Why do we use $x^{m_1}$ instead of $e^{m_1x}$ for general solutions to Cauchy-Euler equations? When I learned to calculate the general solution to homogeneous linear differential equations, I was told that for say,
$y''-y=0$, the auxiliary equation is $m^2-1=0\implies m^2=1\implies m=\pm 1$ and so the solution is $y=c_1e^{m_1x}+c_2e^{m_2 x}=c_1e^{x}+c_2e^{-x}$.
However, for Cauchy-Euler differential equations, which are linear and are homogeneous, the solutions take the form $y=c_1x^{m_1}+c_2x^{m_2}$.
This is the case for which the auxiliary equation provides two distinct real roots. 

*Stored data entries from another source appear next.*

lemma dual_br_Delta_weakly_inv: "dual_br Delta (dual_map d_phi (dual_map d_phi a)) b = dual_br Delta a b"
proof (rule sum_fun_eqI)
  have "dual_map (T_act w) (dual_map phi (dual_map phi al)) = dual_map (T_act w) al" for w al
    by (simp add: dual_map_comp lin_phi lin_comp[OF lin_phi lin_phi] phi_phi_T_act)
  then show "dual_br Delta (dual_map d_phi (dual_map d_phi a)) b \<circ> Inl = dual_br Delta a b \<circ> Inl"
    by (simp only: dual_br_Delta_comp dual_map_d_phi T_act_beta_beta)
  show "dual_br Delta (dual_map d_phi (dual_map d_phi a)) b \<circ> Inr = dual_br Delta a b \<circ> Inr"
    by (simp only: dual_br_Delta_comp dual_map_d_phi desc_br_def T_beta rho_phi_phi rho_beta_beta)
qed

lemma dual_br_Delta_jacobi:
  "dual_br Delta (dual_map d_phi a) (dual_br Delta b c) + dual_br Delta (dual_map d_phi b) (dual_br Delta c a)
   + dual_br Delta (dual_map d_phi c) (dual_br Delta a b) = 0"
proof (rule sum_fun_eqI)
  show "(dual_br Delta (dual_map d_phi a) (dual_br Delta b c) + dual_br Delta (dual_map d_phi b) (dual_br Delta c a)
      + dual_br Delta (dual_map d_phi c) (dual_br Delta a b)) \<circ> Inr = 0 \<circ> Inr"
    using desc_br_jacobi[of "a \<circ> Inr" "b \<circ> Inr" "c \<circ> Inr"]
    by (simp only: fun_arith_comp dual_br_Delta_comp dual_map_d_phi)
  have component: "(dual_br Delta (dual_map d_phi p) (dual_br Delta q s) \<circ> Inl) i
     = pairing (p \<circ> Inl) (T_act (q \<circ> Inr) (T_act (beta (s \<circ> Inr)) (bvec i))
                           - T_act (s \<circ> Inr) (T_act (beta (q \<circ> Inr)) (bvec i)))
       - pairing (q \<circ> Inl) (T_act (s \<circ> Inr) (T_act (beta (p \<circ> Inr)) (bvec i)))
       + pairing (s \<circ> Inl) (T_act (q \<circ> Inr) (T_act (beta (p \<circ> Inr)) (bvec i)))" for p q s i
    by (simp add: dual_br_Delta_comp dual_map_d_phi dual_map_apply pairing_dual_map[OF lin_phi]
        pairing_dual_map[OF lin_T_act] pairing_linear phi_T_act_desc_br)
  show "(dual_br Delta (dual_map d_phi a) (dual_br Delta b c) + dual_br Delta (dual_map d_phi b) (dual_br Delta c a)
      + dual_br Delta (dual_map d_phi c) (dual_br Delta a b)) \<circ> Inl = 0 \<circ> Inl"
    by (rule ext) (simp only: fun_arith_comp plus_fun_apply component, simp add: pairing_linear algebra_simps)
qed
lemma T4_border_rank_le_8: "border_rank_le {..<4} {..<4} wedge_idx T4 8"
proof (rule border_rank_le_of_polynomial_degeneration
    [where a = degen_a and b = degen_b and c = degen_c and d = 3])
  fix i j :: nat and k :: "nat \<times> nat" and e :: nat
  assume "i \<in> {..<4}" "j \<in> {..<4}" "k \<in> wedge_idx" "e < 3"
  then show "coeff (\<Sum>l<8. degen_a l i * degen_b l j * degen_c l k) e = 0"
    using coeffs_sum_degen[of i j k] by (auto simp: numeral_eq_Suc less_Suc_eq)
next
  fix i j :: nat and k :: "nat \<times> nat"
  assume "i \<in> {..<4}" "j \<in> {..<4}" "k \<in> wedge_idx"
  then show "coeff (\<Sum>l<8. degen_a l i * degen_b l j * degen_c l k) 3 = T4 i j k"
    using coeffs_sum_degen[of i j k] by simp
qed

theorem proposition6:
  shows "border_rank {..<4} {..<4} wedge_idx T4 = 8"
  unfolding border_rank_def
  by (rule Least_equality) (use T4_border_rank_le_8 T4_not_border_rank_le not_less in blast)+

end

My question is if both the Cauchy-Euler equations and the non-Cauchy-Euler equations are homogeneous and they are both linear, why do one of the solutions involve $e^{m_1x}$ and the other involves just $x^{m_1}$? Why can't I just use $e^{m_ix}$ to find the solution even for the Cauchy-Euler ones?
 A: Tiny answer: because it works (and other things don't). 
Short answer: they are actually the same solutions. It's just that $x$ that you see in the Cauchy-Euler equation corresponds to $e^x$ in the constant-coefficient equation. The Cauchy-Euler equation is the constant-coefficient equation in disguise. (The disguise being a change of independent variable.)
Long answer: your perception has been shaped by the unbalanced diet of textbook examples, which consists of equations for which certain methods work.  For any randomly chosen linear homogeneous equation of second order, such as
$$ y'' + e^x y' + x y=0 \tag{1}$$
(which I just made up), those methods do not work, even if you try different substitutions for $y$ all day long. We simply cannot describe these solutions (other than $0$)  in terms of functions for which we already have a name.  Unless, of course, you create a new name for the solution - which is what people do (Bessel functions, Airy functions, etc). It seems nobody gave a name to the solutions of (1); you can be first. 
The general situation with differential equations is that no clever substitutions can produce a formula for the solution. There are rare cases when a miracle happens (an explicit solution is obtained); you should appreciate those unique miracles, not expect such occasions to be frequent and uniform.